++++ DATA PROVIDED ++++

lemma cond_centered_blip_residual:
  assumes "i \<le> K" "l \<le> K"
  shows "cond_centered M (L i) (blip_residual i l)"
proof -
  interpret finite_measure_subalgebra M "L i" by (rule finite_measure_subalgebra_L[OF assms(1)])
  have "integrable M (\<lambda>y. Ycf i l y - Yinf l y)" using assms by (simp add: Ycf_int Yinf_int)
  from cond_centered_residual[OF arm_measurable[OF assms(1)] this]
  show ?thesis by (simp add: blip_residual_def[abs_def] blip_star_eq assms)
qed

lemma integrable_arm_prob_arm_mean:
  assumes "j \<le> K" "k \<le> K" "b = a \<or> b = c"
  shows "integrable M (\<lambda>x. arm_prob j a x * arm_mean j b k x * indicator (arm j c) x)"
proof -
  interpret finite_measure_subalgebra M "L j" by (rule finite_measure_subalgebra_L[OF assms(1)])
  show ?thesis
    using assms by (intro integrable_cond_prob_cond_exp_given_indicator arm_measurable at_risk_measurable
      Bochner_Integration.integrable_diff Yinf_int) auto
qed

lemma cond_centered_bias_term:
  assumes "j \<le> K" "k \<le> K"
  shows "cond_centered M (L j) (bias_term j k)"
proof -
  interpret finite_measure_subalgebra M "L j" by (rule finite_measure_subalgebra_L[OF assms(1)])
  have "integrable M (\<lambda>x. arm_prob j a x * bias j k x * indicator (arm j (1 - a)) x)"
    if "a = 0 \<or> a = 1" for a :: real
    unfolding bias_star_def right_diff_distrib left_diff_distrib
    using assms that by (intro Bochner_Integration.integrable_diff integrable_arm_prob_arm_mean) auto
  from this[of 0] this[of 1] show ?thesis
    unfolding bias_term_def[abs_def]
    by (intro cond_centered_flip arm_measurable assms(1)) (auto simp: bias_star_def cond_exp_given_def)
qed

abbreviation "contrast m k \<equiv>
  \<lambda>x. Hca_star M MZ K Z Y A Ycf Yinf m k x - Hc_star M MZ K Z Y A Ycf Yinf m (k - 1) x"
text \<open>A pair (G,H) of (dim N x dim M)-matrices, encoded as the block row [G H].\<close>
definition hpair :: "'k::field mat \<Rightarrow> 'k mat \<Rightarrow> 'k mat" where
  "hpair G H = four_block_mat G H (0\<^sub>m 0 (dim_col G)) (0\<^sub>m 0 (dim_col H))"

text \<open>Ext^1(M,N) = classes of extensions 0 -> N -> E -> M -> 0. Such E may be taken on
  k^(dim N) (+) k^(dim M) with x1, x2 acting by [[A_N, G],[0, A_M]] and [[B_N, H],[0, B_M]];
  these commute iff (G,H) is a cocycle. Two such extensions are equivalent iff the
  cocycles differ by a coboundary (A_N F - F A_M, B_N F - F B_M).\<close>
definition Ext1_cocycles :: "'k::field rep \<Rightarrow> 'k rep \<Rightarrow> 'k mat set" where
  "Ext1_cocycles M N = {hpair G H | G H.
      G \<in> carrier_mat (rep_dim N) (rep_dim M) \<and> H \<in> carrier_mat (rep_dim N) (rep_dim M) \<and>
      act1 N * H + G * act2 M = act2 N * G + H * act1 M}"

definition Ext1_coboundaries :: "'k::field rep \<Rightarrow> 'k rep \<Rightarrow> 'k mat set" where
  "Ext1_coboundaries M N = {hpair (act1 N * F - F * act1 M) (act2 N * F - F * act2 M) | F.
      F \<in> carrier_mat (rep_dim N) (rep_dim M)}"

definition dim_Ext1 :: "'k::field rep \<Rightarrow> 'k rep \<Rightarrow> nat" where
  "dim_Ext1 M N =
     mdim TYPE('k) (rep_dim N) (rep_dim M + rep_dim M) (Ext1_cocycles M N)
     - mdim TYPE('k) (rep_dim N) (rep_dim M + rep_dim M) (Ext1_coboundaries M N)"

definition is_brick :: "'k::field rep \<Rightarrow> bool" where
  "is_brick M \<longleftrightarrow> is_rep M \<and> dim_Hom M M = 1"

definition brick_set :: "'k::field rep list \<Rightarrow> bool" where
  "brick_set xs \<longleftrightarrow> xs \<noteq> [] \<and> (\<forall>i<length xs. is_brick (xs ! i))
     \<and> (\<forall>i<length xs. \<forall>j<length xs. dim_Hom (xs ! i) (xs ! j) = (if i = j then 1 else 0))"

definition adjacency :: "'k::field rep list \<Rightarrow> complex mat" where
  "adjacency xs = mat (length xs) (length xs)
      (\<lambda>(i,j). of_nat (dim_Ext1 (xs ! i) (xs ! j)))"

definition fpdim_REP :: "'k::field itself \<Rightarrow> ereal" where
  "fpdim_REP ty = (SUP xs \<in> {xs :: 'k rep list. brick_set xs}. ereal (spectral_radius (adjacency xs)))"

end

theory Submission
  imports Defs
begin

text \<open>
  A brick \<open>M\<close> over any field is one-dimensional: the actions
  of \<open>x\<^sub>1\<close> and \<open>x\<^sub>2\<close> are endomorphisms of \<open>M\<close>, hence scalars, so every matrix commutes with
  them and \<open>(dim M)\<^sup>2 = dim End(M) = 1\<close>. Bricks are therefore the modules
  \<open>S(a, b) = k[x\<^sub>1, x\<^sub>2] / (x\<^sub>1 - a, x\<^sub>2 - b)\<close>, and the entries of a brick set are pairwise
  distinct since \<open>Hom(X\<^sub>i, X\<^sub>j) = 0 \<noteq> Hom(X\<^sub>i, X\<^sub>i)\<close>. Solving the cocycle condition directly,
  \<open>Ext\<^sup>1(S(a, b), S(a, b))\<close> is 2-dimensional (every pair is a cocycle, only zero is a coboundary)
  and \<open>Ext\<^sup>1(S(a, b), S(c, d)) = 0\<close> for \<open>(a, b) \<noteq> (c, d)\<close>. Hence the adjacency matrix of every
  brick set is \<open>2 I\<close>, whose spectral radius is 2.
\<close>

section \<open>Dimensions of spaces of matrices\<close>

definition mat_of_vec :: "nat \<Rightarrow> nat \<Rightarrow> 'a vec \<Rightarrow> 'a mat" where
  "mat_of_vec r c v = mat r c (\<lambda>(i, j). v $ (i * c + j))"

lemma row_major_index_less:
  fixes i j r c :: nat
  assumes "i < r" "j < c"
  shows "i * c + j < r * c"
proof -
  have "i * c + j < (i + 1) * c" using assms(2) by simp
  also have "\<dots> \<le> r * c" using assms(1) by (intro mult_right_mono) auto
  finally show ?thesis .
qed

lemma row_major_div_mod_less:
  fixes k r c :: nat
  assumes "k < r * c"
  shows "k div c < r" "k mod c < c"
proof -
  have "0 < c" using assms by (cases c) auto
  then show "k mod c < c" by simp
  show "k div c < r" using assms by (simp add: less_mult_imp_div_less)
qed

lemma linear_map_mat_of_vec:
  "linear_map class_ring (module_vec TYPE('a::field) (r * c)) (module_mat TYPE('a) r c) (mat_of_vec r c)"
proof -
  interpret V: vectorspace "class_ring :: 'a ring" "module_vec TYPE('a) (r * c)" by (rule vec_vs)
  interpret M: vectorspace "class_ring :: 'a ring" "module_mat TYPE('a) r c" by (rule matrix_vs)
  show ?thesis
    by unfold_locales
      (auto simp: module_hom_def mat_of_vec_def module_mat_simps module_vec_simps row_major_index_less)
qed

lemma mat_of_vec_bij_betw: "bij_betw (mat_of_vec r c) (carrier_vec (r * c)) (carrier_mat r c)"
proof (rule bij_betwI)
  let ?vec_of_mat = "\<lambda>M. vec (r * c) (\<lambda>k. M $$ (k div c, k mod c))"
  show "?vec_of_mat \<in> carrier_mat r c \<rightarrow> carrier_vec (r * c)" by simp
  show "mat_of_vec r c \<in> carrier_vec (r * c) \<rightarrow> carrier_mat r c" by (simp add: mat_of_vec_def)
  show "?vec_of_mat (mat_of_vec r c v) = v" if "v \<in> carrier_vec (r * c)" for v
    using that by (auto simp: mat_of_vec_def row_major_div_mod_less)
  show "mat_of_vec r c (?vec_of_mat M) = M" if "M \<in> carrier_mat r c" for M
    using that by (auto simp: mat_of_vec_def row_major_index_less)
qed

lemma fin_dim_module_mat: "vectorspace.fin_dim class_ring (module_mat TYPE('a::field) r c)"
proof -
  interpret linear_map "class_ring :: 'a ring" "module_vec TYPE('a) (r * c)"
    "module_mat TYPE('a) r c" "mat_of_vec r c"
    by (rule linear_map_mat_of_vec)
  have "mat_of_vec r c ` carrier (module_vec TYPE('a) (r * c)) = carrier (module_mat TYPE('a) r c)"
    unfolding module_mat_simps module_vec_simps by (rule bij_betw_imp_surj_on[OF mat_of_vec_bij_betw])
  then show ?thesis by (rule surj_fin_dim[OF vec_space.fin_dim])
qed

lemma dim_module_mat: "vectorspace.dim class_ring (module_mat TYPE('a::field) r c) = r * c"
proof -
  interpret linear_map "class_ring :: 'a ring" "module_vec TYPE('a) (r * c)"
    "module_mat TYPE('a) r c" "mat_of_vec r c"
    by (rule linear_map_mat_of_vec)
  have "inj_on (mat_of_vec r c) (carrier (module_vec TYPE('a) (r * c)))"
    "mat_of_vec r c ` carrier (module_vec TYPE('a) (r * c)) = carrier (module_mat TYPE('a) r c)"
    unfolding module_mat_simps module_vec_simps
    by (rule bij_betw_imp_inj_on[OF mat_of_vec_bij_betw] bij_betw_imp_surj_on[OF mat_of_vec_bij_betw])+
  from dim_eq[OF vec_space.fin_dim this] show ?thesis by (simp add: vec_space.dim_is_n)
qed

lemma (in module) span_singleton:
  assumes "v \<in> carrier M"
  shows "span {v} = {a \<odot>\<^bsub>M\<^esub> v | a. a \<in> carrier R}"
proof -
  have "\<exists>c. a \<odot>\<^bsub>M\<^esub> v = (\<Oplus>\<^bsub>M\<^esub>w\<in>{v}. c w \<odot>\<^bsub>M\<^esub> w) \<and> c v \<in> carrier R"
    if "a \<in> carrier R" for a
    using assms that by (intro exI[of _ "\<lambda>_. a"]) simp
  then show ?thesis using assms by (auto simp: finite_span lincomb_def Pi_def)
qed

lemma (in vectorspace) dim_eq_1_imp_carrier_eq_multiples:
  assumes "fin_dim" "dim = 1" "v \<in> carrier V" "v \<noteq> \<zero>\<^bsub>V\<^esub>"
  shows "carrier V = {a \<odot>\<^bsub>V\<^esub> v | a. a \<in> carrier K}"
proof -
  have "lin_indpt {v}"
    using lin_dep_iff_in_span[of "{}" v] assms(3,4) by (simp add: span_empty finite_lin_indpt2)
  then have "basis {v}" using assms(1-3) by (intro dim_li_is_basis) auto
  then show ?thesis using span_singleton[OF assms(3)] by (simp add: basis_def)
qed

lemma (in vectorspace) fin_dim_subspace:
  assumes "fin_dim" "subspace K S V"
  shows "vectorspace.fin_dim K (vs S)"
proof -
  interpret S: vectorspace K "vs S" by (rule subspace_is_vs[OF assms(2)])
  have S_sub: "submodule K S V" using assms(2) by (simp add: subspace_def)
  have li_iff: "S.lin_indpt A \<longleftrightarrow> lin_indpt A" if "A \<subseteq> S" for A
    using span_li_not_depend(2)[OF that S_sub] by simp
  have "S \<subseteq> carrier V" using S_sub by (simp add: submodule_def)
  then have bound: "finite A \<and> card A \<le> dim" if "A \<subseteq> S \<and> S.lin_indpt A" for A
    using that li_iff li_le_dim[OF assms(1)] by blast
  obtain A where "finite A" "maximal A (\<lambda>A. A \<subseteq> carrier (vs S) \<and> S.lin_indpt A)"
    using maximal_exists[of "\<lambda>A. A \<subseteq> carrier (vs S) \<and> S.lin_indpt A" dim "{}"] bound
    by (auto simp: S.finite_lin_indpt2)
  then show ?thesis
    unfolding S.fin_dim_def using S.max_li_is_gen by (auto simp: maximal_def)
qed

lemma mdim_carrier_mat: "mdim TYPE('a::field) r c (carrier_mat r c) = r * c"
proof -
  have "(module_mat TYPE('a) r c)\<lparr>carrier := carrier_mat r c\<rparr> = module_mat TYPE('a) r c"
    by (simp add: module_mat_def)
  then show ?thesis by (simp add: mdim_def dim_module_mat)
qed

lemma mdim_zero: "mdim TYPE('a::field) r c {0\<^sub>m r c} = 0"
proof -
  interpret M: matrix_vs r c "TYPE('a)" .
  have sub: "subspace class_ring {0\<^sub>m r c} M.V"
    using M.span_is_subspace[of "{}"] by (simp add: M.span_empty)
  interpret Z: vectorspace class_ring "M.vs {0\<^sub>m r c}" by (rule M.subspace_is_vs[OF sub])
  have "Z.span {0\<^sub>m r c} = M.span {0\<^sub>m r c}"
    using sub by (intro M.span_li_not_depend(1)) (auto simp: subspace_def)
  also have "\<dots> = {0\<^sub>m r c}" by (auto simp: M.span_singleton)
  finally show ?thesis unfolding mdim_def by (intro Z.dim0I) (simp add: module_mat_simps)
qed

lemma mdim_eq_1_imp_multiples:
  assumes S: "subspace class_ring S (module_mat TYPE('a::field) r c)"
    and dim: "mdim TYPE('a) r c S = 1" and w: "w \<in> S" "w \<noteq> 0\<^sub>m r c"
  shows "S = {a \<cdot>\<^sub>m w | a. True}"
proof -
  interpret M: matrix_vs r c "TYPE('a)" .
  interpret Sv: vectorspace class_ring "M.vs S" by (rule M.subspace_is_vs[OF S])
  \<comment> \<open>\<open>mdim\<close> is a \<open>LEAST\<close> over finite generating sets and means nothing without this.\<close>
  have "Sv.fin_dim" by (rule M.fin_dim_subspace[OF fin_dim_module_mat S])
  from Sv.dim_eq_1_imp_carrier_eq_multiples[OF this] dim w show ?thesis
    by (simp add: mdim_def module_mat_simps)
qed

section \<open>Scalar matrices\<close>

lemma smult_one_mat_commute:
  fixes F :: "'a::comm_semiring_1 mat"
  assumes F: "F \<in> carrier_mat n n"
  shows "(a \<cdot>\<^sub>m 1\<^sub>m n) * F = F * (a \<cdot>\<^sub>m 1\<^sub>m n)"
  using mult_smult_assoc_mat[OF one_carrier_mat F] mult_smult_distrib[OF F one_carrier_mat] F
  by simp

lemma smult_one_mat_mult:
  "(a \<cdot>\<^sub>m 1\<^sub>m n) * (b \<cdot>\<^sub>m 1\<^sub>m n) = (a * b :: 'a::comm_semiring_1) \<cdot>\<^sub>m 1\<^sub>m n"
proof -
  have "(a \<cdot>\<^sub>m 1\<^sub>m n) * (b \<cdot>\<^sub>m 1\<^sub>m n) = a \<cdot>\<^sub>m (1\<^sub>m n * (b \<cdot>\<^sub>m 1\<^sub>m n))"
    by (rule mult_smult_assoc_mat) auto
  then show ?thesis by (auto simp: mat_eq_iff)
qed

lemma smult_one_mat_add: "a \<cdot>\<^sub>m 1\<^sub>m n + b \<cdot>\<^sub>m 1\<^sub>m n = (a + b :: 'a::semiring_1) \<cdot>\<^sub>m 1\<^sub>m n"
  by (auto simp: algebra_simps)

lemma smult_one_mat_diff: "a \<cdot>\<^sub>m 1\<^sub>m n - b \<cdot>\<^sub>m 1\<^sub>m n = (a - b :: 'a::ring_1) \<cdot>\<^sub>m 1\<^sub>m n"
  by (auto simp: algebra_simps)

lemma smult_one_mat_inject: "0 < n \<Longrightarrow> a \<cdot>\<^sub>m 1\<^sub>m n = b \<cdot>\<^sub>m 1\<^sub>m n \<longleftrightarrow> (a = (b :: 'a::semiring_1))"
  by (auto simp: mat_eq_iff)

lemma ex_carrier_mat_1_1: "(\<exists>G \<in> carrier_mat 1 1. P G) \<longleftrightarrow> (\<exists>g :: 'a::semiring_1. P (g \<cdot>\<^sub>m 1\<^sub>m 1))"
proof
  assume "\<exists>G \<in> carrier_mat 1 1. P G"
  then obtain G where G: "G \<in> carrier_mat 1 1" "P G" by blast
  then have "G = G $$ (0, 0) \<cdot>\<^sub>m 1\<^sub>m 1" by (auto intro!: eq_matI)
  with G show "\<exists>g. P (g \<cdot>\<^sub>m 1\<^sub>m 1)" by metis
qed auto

++++

REQUIRED WORK: Across all the records above, find each line with "text" in it and copy it.

WRITTEN REPLY:
text \<open>A pair (G,H) of (dim N x dim M)-matrices, encoded as the block row [G H].\<close>
text \<open>Ext^1(M,N) = classes of extensions 0 -> N -> E -> M -> 0. Such E may be taken on
text \<open>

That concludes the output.